Дети повторяют то, что слышат от старших; большинству моих одноклассников никто в семье не внушал милосердия и участия к ближнему… Откуда им было научиться этому? Они находили мое происхождение позорным и, не стесняясь, заявляли об этом. Понравиться им я не сумел, держа себя независимо, и не просил пощады, потому что не чувствовал за собой вины.

А вина была. Не моя лично, и не только детям, но и развитому обществу долго еще не распутать рокового вопроса о незаконных детях!

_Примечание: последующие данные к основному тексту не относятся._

(* Let $\varphi$ be an LTL formula in PNF and let $\mathcal{A}(\varphi)=(Q,\Sigma,\delta,\alpha_0,F)$ be the alternating $\omega$-automaton with $Q=\partial^+(\varphi)$, $\delta(\psi,x)=\partial_x(\psi)$ for all $\psi\in Q$ and $x\in\Sigma$, initial states $\alpha_0=\mathrm{simp}(\varphi)$, and $F=\{\mathbf{tt}\}\cup\{\varphi_1\,\mathcal{R}\,\psi_1 \mid \varphi_1\,\mathcal{R}\,\psi_1\in Q\}$. Then $\mathcal{L}(\varphi)=\mathcal{L}(\mathcal{A}(\varphi))$ under the Büchi acceptance condition.
   Context: LTL formulae in PNF: $\varphi,\psi ::= p \mid \neg p \mid \mathbf{tt} \mid \mathbf{ff} \mid \varphi\wedge\psi \mid \varphi\vee\psi \mid \bigcirc\varphi \mid \varphi\,\mathcal{U}\,\psi \mid \varphi\,\mathcal{R}\,\psi$ with the standard semantics over $\sigma\in\Sigma^\omega$ and an interpretation $I:\Sigma\to\mathcal{P}(AP)$; $\mathcal{L}(\varphi)=\{\sigma\mid\sigma\models\varphi\}$. Temporal formula: does not start with $\wedge$ or $\vee$. Monomials $\mu,\nu$: $\mathbf{ff}$ or consistent sets of literals; $x\models\mu$ means every literal of $\mu$ holds under $I(x)$; $\mu\sqcap\nu$ is $\mathbf{ff}$ if either is $\mathbf{ff}$ or $\mu\cup\nu$ is contradictory, else $\mu\cup\nu$. $\varphi\,\dot\wedge\,\psi$ denotes formal conjunction, normalized modulo associativity, commutativity, idempotence ($\mathbf{tt}$ is the empty formal conjunction). $\mathrm{simp}(\varphi\wedge\psi)=\{\varphi'\,\dot\wedge\,\psi'\mid\varphi'\in\mathrm{simp}(\varphi),\psi'\in\mathrm{simp}(\psi)\}$, $\mathrm{simp}(\varphi\vee\psi)=\mathrm{simp}(\varphi)\cup\mathrm{simp}(\psi)$, $\mathrm{simp}(\varphi)=\{\varphi\}$ for temporal $\varphi$. Linear factors $\mathrm{LF}$: $\mathrm{LF}(\ell)=\{\langle\{\ell\},\mathbf{tt}\rangle\}$, $\mathrm{LF}(\mathbf{tt})=\{\langle\mathbf{tt},\mathbf{tt}\rangle\}$, $\mathrm{LF}(\mathbf{ff})=\{\}$, $\mathrm{LF}(\varphi\vee\psi)=\mathrm{LF}(\varphi)\cup\mathrm{LF}(\psi)$, $\mathrm{LF}(\varphi\wedge\psi)=\{\langle\mu\sqcap\nu,\varphi'\,\dot\wedge\,\psi'\rangle\mid\langle\mu,\varphi'\rangle\in\mathrm{LF}(\varphi),\langle\nu,\psi'\rangle\in\mathrm{LF}(\psi),\mu\sqcap\nu\neq\mathbf{ff}\}$, $\mathrm{LF}(\bigcirc\varphi)=\{\langle\mathbf{tt},\varphi'\rangle\mid\varphi'\in\mathrm{simp}(\varphi)\}$, $\mathrm{LF}(\varphi\,\mathcal{U}\,\psi)=\mathrm{LF}(\psi)\cup\{\langle\mu,\varphi'\,\dot\wedge\,(\varphi\,\mathcal{U}\,\psi)\rangle\mid\langle\mu,\varphi'\rangle\in\mathrm{LF}(\varphi)\}$, $\mathrm{LF}(\varphi\,\mathcal{R}\,\psi)=\{\langle\mu\sqcap\nu,\varphi'\,\dot\wedge\,\psi'\rangle\mid\langle\mu,\varphi'\rangle\in\mathrm{LF}(\varphi),\langle\nu,\psi'\rangle\in\mathrm{LF}(\psi),\mu\sqcap\nu\neq\mathbf{ff}\}\cup\{\langle\nu,\psi'\,\dot\wedge\,(\varphi\,\mathcal{R}\,\psi)\rangle\mid\langle\nu,\psi'\rangle\in\mathrm{LF}(\psi)\}$. Partial derivatives: $\partial_x(\varphi)=\{\varphi'\mid\langle\mu,\varphi'\rangle\in\mathrm{LF}(\varphi),x\models\mu\}$ for temporal $\varphi$; $\partial_x(\mathbf{tt})=\{\mathbf{tt}\}$; $\partial_x(\varphi\,\dot\wedge\,\psi)=\{\varphi'\,\dot\wedge\,\psi'\mid\varphi'\in\partial_x(\varphi),\psi'\in\partial_x(\psi)\}$. Iterated partial derivatives (subformula set): $\partial^+(\ell)=\{\ell\}$, $\partial^+(\mathbf{tt})=\{\mathbf{tt}\}$, $\partial^+(\mathbf{ff})=\{\mathbf{ff}\}$, $\partial^+(\varphi\vee\psi)=\partial^+(\varphi\wedge\psi)=\partial^+(\varphi)\cup\partial^+(\psi)$, $\partial^+(\bigcirc\varphi)=\{\bigcirc\varphi\}\cup\partial^+(\varphi)$, $\partial^+(\varphi\,\mathcal{U}\,\psi)=\{\varphi\,\mathcal{U}\,\psi\}\cup\partial^+(\varphi)\cup\partial^+(\psi)$, $\partial^+(\varphi\,\mathcal{R}\,\psi)=\{\varphi\,\mathcal{R}\,\psi\}\cup\partial^+(\varphi)\cup\partial^+(\psi)$. An alternating $\omega$-automaton $(Q,\Sigma,\delta,\alpha_0,F)$ has finite state set $Q$, initial condition $\alpha_0$ (a set of sets of states, read as a disjunction of conjunctions), transition function $\delta$ returning a set of conjunctions of states (read as a disjunction), and $F\subseteq Q$. A run on $\sigma$ is a layered digraph with nodes in $Q\times\mathbb{N}$ whose level-0 state set is in $\alpha_0$, every node at level $i+1$ has a predecessor at level $i$, and the successor set of each $(q,i)$ is in $\delta(q,\sigma_i)$; a run is accepting if every infinite path visits $F$ infinitely often, and $\mathcal{L}(\mathcal{A})$ is the set of words with an accepting run. *)

theory Defs
  imports Main
begin
lemma optimal_after_demand_increase:
  assumes fin: "finite E" and rank: "polymatroid_rank E f"
    and regular: "\<And>e. e \<in> E \<Longrightarrow> regular_cost (K e)"
    and oz: "is_optimal E (base_set E f \<delta>) K \<tau> z" and less: "\<delta> < f E"
  shows "\<exists>e\<in>E. is_optimal E (base_set E f (\<delta> + 1)) K (\<tau>(e := \<tau> e - 1)) (z(e := z e + 1))"
proof -
  interpret P: polymatroid E f using fin rank by unfold_locales
  interpret P1: regular_polymatroid E "trunc f (\<delta> + 1)" K
    using regular_polymatroid_trunc[OF fin rank regular] .
  let ?B0 = "base_set E f \<delta>" and ?B1 = "base_set E f (\<delta> + 1)"
  have B1: "P1.bases = ?B1" using base_set_trunc[OF fin] less by simp
  have z: "z \<in> ?B0" using oz unfolding is_optimal_def by auto
  have lz: "marginal K \<tau> a (z a) \<le> marginal K \<tau> b (z b + 1)"
    if "a \<in> E" "b \<in> E" "a \<noteq> b" "1 \<le> z a" "move_unit z a b \<in> ?B0" for a b
    using optimal_imp_locally_optimal[OF fin oz] that unfolding is_locally_optimal_def by blast
  let ?G = "\<lambda>e. marginal K \<tau> e (z e + 1)"
  let ?targets = "{e \<in> E. z(e := z e + 1) \<in> ?B1}"
  have "?targets \<noteq> {}" using P.base_set_increment_exists[OF z less] by auto
  moreover have "finite ?targets" using fin by simp
  ultimately obtain e where e: "e \<in> ?targets" and least: "\<And>b. b \<in> ?targets \<Longrightarrow> ?G e \<le> ?G b"
    using ex_is_arg_min_if_finite[of ?targets ?G] unfolding is_arg_min_linorder by blast
  define y where "y = z(e := z e + 1)"
  define \<tau>' where "\<tau>' = \<tau>(e := \<tau> e - 1)"
  have eE: "e \<in> E" and y: "y \<in> ?B1" using e unfolding y_def by auto
  have "is_locally_optimal E ?B1 K \<tau>' y"
    unfolding is_locally_optimal_def
  proof (intro ballI impI)
    fix a b assume ab: "a \<in> E" "b \<in> E" "a \<noteq> b" "1 \<le> y a" "move_unit y a b \<in> ?B1"
    show "marginal K \<tau>' a (y a) \<le> marginal K \<tau>' b (y b + 1)"
    proof (cases "a = e")
      case True
      have "move_unit y a b = z(b := z b + 1)"
        using True ab unfolding y_def by (auto simp: move_unit_def fun_eq_iff)
      then have "?G e \<le> ?G b" using least ab by simp
      moreover have "marg_cost (K e) (z e + 1) (\<tau> e - 1) \<le> ?G e"
        using regular_cost_mono_load[OF regular[OF eE], of "z e + 1" "\<tau> e - 1" "\<tau> e"]
        by (simp add: marginal_def)
      ultimately show ?thesis using True ab unfolding y_def \<tau>'_def by (simp add: marginal_fun_upd)
    next
      case False
      have "1 \<le> move_unit y a b e" using False ab unfolding y_def by (auto simp: move_unit_def)
      then have "(move_unit y a b)(e := move_unit y a b e - 1) \<in> ?B0"
        using base_set_decrement[of "move_unit y a b" E f \<delta> e] ab eE fin by simp
      moreover have "(move_unit y a b)(e := move_unit y a b e - 1) = move_unit z a b"
        using False ab unfolding y_def by (auto simp: move_unit_def fun_eq_iff)
      ultimately have "marginal K \<tau> a (z a) \<le> marginal K \<tau> b (z b + 1)"
        using lz ab False unfolding y_def by simp
      moreover have "?G e \<le> marg_cost (K e) (z e + 2) (\<tau> e - 1)"
        using regular_cost_shift_down[OF regular[OF eE], of "z e + 1" "\<tau> e"]
        by (simp add: marginal_def)
      ultimately show ?thesis
        using False unfolding y_def \<tau>'_def by (cases "b = e") (auto simp: marginal_fun_upd)
    qed
  qed
  then show ?thesis
    using y P1.optimal_iff_locally_optimal eE unfolding B1 y_def \<tau>'_def by blast
qed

Ваш ораторский талант не подлежит сомнению, дорогой друг; быть может, когда-нибудь защита отдельных лиц покажется вам недостаточно широкой ареной, и вы возвысите свой могучий голос для проповеди общечеловеческой идеи… Возьмите под свою защиту бедных незаконнорожденных детей! Вопрос важный, интересный и глубокий. Закон относится к ним с явным предубеждением, с вопиющей несправедливостью. Он требует от них исполнения долга, как от прочих граждан, а более половины прав отнимает неизвестно на каком основании. Они обязаны проливать кровь за родину наравне с законными детьми, а наследниками не могут считаться даже в том редком случае, если отец признает их! Почему? Отчего отец должен прибегать к разным обходам и уверткам, чтобы оставить незаконному сыну родовое поместье?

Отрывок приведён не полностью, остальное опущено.